What you need to do.
From the material below, copy every line in which the word "Ssym" occurs.

*** Source data Section Begins ***

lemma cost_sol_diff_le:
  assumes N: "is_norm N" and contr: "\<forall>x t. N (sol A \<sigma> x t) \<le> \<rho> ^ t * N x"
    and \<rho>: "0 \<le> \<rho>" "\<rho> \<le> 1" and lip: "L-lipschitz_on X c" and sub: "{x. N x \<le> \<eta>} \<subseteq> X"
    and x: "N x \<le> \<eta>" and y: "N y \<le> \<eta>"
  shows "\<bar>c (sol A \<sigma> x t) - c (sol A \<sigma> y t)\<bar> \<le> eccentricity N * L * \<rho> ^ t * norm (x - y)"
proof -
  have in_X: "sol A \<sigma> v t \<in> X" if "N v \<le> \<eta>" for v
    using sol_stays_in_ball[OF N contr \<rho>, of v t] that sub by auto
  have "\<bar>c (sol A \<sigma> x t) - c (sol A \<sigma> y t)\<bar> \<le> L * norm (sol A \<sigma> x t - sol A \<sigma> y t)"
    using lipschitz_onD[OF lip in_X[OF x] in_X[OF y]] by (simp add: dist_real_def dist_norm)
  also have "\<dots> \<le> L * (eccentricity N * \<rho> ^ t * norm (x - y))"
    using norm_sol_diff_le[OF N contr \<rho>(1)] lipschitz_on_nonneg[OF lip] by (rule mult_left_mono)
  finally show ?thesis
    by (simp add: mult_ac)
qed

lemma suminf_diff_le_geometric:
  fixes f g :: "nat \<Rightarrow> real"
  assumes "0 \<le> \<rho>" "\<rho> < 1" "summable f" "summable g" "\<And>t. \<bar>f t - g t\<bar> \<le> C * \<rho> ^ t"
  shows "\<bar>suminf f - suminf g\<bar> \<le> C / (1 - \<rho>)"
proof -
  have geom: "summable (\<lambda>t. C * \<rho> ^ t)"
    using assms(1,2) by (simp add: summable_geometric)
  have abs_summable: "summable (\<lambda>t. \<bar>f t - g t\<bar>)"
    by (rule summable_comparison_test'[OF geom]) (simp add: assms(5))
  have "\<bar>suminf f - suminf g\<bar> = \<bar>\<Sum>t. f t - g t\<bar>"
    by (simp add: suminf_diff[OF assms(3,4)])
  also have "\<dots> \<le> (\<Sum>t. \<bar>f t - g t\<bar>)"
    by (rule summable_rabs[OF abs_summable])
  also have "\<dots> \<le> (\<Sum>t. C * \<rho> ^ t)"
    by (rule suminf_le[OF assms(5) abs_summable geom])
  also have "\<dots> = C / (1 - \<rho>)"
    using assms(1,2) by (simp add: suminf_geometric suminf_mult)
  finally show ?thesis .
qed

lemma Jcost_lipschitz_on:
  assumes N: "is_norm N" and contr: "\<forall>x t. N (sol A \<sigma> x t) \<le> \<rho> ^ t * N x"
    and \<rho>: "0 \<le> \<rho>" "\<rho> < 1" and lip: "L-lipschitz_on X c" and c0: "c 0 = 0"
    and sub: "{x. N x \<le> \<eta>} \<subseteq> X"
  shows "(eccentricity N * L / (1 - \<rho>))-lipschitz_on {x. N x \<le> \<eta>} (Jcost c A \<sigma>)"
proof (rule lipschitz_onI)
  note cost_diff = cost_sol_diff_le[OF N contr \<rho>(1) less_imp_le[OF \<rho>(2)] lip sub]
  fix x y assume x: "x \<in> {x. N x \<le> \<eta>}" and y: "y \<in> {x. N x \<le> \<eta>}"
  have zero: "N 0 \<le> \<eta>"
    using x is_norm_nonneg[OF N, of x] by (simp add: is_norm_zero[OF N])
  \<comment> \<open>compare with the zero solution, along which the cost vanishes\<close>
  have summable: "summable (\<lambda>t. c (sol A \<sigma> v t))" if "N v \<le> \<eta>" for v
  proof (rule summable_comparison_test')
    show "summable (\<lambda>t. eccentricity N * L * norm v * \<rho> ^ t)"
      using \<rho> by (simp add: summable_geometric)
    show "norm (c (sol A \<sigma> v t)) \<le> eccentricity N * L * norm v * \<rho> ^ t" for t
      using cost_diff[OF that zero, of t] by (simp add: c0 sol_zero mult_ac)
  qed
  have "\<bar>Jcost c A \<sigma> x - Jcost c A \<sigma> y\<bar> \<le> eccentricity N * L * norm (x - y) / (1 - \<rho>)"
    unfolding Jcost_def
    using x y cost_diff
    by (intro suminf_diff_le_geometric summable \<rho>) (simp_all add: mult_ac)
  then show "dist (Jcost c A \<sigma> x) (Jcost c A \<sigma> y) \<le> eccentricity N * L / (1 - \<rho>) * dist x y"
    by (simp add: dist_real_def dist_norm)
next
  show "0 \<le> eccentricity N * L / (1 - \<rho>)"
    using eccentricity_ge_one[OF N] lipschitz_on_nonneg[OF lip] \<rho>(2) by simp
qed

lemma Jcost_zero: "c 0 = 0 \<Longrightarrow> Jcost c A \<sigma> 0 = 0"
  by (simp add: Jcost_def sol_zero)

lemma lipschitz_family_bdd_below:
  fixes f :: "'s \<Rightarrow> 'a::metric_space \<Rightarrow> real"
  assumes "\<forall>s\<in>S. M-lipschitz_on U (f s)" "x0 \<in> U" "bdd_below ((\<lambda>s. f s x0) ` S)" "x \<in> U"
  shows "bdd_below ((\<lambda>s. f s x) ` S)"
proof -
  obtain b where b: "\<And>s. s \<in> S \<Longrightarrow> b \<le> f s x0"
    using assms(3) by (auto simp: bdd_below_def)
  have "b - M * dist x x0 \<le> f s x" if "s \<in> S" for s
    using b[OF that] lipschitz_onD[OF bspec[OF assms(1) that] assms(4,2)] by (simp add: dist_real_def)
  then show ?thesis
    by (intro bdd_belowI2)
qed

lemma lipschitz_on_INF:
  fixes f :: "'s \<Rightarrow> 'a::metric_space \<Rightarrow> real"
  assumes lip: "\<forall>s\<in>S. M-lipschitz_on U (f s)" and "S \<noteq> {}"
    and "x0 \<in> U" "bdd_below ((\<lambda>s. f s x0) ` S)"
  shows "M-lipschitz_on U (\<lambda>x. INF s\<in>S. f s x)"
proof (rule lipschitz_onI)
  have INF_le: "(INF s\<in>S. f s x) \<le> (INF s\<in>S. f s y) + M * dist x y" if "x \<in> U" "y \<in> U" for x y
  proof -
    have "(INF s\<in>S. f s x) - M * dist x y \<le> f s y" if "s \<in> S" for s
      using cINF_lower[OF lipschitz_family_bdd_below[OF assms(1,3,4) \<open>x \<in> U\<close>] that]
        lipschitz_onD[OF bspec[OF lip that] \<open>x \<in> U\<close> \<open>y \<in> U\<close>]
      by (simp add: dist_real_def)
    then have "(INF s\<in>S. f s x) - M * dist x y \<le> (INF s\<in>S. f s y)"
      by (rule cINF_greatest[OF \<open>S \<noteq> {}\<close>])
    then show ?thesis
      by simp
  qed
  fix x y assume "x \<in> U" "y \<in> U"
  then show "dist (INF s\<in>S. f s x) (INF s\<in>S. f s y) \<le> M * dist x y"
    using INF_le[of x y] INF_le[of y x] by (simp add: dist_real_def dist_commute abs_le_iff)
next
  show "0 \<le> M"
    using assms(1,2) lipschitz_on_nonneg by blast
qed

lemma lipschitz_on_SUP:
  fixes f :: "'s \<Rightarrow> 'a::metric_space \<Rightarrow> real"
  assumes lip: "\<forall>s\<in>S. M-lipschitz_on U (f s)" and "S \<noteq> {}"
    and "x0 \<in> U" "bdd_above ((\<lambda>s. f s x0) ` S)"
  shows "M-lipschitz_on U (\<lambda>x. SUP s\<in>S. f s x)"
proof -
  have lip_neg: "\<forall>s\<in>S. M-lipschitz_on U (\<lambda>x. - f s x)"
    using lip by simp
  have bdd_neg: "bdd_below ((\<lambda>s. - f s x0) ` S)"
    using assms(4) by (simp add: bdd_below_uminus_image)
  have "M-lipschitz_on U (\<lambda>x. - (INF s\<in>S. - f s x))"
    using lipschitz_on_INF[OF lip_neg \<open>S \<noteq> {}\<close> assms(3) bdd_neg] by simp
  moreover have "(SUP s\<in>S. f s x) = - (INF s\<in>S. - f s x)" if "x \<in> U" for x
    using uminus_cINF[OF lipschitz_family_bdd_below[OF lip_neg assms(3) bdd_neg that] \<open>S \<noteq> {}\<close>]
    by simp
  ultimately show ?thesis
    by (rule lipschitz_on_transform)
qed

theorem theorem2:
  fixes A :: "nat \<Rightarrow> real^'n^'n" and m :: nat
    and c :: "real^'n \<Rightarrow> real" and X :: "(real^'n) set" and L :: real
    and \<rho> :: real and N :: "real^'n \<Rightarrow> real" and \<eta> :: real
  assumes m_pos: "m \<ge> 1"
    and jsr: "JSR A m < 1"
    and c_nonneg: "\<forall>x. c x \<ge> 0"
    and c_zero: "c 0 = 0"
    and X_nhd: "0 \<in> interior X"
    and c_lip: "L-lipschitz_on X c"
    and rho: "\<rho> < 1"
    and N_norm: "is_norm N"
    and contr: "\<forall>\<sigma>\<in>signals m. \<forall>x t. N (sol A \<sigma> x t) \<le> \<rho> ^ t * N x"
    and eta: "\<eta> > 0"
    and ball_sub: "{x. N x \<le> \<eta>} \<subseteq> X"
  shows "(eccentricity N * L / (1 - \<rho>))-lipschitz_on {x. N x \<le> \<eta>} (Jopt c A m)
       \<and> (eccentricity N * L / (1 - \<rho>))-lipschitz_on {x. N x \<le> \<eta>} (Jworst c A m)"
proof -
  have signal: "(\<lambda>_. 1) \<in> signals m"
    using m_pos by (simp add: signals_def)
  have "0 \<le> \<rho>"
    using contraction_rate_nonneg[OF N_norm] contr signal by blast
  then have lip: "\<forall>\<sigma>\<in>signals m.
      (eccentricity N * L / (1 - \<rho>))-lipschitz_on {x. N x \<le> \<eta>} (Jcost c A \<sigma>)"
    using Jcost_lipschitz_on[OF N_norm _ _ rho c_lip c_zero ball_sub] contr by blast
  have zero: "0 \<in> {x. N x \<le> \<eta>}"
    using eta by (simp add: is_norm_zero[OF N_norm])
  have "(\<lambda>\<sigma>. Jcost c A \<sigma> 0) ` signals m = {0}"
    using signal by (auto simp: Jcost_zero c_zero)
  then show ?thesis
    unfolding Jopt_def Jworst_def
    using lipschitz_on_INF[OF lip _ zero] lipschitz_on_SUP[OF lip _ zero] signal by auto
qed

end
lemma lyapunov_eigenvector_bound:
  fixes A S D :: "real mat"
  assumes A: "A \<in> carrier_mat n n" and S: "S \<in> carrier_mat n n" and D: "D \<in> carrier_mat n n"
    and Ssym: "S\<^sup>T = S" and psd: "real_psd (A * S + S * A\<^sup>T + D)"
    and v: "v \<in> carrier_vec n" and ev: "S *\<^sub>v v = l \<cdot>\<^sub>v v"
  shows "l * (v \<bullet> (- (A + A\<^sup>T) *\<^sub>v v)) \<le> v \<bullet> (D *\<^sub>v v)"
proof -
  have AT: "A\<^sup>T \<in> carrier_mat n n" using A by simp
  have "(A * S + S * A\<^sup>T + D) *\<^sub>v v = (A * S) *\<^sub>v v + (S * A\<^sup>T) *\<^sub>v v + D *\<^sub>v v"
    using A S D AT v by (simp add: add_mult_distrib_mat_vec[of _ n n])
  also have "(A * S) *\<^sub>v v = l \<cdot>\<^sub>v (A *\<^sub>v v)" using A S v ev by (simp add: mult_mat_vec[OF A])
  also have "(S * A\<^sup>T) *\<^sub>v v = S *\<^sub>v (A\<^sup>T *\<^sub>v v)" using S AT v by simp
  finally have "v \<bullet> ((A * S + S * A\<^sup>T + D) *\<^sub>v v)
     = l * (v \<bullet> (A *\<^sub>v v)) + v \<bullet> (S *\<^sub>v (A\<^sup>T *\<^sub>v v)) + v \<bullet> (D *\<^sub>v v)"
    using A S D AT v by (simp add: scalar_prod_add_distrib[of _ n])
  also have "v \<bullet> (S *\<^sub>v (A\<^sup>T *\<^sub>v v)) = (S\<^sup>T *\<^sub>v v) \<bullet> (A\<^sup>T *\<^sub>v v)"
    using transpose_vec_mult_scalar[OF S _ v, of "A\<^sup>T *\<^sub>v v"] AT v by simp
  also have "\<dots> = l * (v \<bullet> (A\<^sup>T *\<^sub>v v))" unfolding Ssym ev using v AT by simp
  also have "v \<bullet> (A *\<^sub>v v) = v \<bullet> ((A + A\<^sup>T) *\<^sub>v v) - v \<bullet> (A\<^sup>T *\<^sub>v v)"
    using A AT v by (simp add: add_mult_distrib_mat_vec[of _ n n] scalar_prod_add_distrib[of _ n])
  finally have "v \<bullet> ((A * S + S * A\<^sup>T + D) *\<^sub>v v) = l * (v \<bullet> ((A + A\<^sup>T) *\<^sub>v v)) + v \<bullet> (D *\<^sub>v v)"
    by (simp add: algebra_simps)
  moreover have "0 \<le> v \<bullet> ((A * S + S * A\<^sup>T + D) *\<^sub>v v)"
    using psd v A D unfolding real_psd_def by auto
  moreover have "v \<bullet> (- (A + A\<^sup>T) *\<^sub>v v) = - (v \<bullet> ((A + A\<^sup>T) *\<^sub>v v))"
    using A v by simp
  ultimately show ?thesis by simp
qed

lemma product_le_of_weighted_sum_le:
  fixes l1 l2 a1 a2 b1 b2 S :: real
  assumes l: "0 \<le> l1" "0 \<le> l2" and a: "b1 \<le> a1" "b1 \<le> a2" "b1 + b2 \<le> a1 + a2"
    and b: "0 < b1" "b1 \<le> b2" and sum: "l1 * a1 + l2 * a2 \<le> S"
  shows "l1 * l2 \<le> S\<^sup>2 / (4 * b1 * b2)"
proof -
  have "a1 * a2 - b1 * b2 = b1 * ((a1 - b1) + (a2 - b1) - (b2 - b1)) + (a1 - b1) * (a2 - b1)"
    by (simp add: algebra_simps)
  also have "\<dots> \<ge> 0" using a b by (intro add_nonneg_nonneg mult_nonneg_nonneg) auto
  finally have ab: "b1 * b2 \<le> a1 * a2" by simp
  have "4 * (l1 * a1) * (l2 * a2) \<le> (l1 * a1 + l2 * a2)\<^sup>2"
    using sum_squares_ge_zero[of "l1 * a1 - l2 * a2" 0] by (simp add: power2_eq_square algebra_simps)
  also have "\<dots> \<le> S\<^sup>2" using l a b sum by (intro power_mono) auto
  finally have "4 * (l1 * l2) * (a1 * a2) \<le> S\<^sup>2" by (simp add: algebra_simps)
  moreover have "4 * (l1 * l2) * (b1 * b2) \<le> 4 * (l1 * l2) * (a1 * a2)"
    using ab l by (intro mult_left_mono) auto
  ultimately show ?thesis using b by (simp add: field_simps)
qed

*** Source data Section Ends ***

Answer space.
    and Ssym: "S\<^sup>T = S" and psd: "real_psd (A * S + S * A\<^sup>T + D)"
  also have "\<dots> = l * (v \<bullet> (A\<^sup>T *\<^sub>v v))" unfolding Ssym ev using v AT by simp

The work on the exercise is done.